Task brief —
Report each line of the entries below that includes "True".

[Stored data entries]
************

lemma abs_Q_le: "\<bar>Q x\<bar> \<le> c_Q"
proof -
  have Q'_continuous: "continuous_on UNIV Q'"
    unfolding Q'_def[abs_def] using u_continuous m_continuous by (intro continuous_intros)
  have "\<bar>Q y\<bar> + \<bar>Q' y\<bar> \<le> 2 + 2 * Cb * c_sup + 2 * c_sup + (1/2 + Cb * c_sup) * energy y" for y
  proof -
    have "\<bar>H' (u' y) * m y\<bar> \<le> Cb * (2 + (u' y)\<^sup>2) * c_sup"
      unfolding abs_mult using abs_H'_le[of "u' y"] abs_m_le[of y] Cb_nonneg by (intro mult_mono) auto
    then have "\<bar>Q y\<bar> \<le> 1 + 1/2 * ((u' y)\<^sup>2 + (m' y)\<^sup>2) + Cb * (2 + (u' y)\<^sup>2) * c_sup"
      using two_abs_le_one_plus_square[of "u' y"] two_abs_le_one_plus_square[of "m' y"]
        abs_eps_mult_le[of "u' y"] unfolding Q_def ring_distribs by linarith
    moreover have "\<bar>Q' y\<bar> \<le> 2 * c_sup + 1"
      using abs_m_le[of y] abs_u_le[of y] abs_eps_mult_le[of "u y"] unfolding Q'_def by linarith
    moreover have "Cb * c_sup * (u' y)\<^sup>2 \<le> Cb * c_sup * energy y"
      using Cb_nonneg c_sup_pos unfolding energy_def by (intro mult_left_mono) auto
    moreover have "1/2 * ((u' y)\<^sup>2 + (m' y)\<^sup>2) \<le> 1/2 * energy y"
      using zero_le_power2[of "u y"] zero_le_power2[of "m y"] unfolding energy_def
      by (intro mult_left_mono) linarith+
    moreover have "Cb * (2 + (u' y)\<^sup>2) * c_sup = 2 * Cb * c_sup + Cb * c_sup * (u' y)\<^sup>2"
      by (simp add: algebra_simps)
    moreover have "(1/2 + Cb * c_sup) * energy y = 1/2 * energy y + Cb * c_sup * energy y"
      by (simp add: distrib_right)
    ultimately show ?thesis by linarith
  qed
  from periodic1_abs_le_integral_bound[OF Q_periodic Q_deriv Q'_continuous energy_continuous this
      integral_energy_le]
  show ?thesis using Cb_nonneg c_sup_pos unfolding c_Q_def by simp
qed

text \<open>Since \<open>H'\<close> is monotone, \<open>(1 + \<epsilon>\<^sup>2) u' + \<epsilon> (H'(u') - H'(0)) m\<close> has the sign of \<open>u'\<close> and dominates it;
  it is a combination of the bounded fluxes \<open>P\<close> and \<open>Q\<close>.\<close>

lemma abs_u'_le: "\<bar>u' x\<bar> \<le> c_u'"
proof -
  define L where "L = (1 + \<epsilon>\<^sup>2) * u' x + \<epsilon> * (H' (u' x) - H' 0) * m x"
  have "L = \<epsilon> * Q x + P x - \<epsilon> * H' 0 * m x"
    unfolding L_def Q_def P_def by (simp add: algebra_simps power2_eq_square)
  then have "\<bar>L\<bar> \<le> \<bar>\<epsilon> * Q x\<bar> + \<bar>P x\<bar> + \<bar>\<epsilon> * H' 0 * m x\<bar>"
    using abs_triangle_ineq4[of "\<epsilon> * Q x + P x"] abs_triangle_ineq[of "\<epsilon> * Q x" "P x"] by linarith
  moreover have "\<bar>\<epsilon> * H' 0 * m x\<bar> \<le> \<bar>H' 0\<bar> * c_sup"
    using abs_eps_mult_le[of "H' 0 * m x"] abs_m_le[of x]
      mult_left_mono[of "\<bar>m x\<bar>" c_sup "\<bar>H' 0\<bar>"] by (simp add: abs_mult mult.assoc)
  ultimately have "\<bar>L\<bar> \<le> c_u'"
    using abs_eps_mult_le[of "Q x"] abs_Q_le[of x] abs_P_le[of x] unfolding c_u'_def by linarith
  moreover have "\<bar>u' x\<bar> \<le> \<bar>L\<bar>"
  proof (cases "u' x \<ge> 0")
    case True
    then have "0 \<le> \<epsilon> * (H' (u' x) - H' 0) * m x"
      using H'_mono[of 0 "u' x"] eps m_pos[of x] by simp
    moreover have "(1 + \<epsilon>\<^sup>2) * u' x = u' x + \<epsilon>\<^sup>2 * u' x" by (simp add: algebra_simps)
    moreover have "0 \<le> \<epsilon>\<^sup>2 * u' x" using True by simp
    ultimately show ?thesis unfolding L_def using True by linarith
  next
    case False
    then have "\<epsilon> * (H' (u' x) - H' 0) * m x \<le> 0"
      using H'_mono[of "u' x" 0] eps m_pos[of x]
      by (simp add: mult_nonpos_nonneg mult_nonneg_nonpos)
    moreover have "u' x * \<epsilon>\<^sup>2 \<le> 0" using False by (simp add: mult_nonpos_nonneg)
    ultimately show ?thesis unfolding L_def using False by (simp add: algebra_simps)
  qed
  ultimately show ?thesis by linarith
qed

************

Result for this task —
    case True
    moreover have "0 \<le> \<epsilon>\<^sup>2 * u' x" using True by simp
    ultimately show ?thesis unfolding L_def using True by linarith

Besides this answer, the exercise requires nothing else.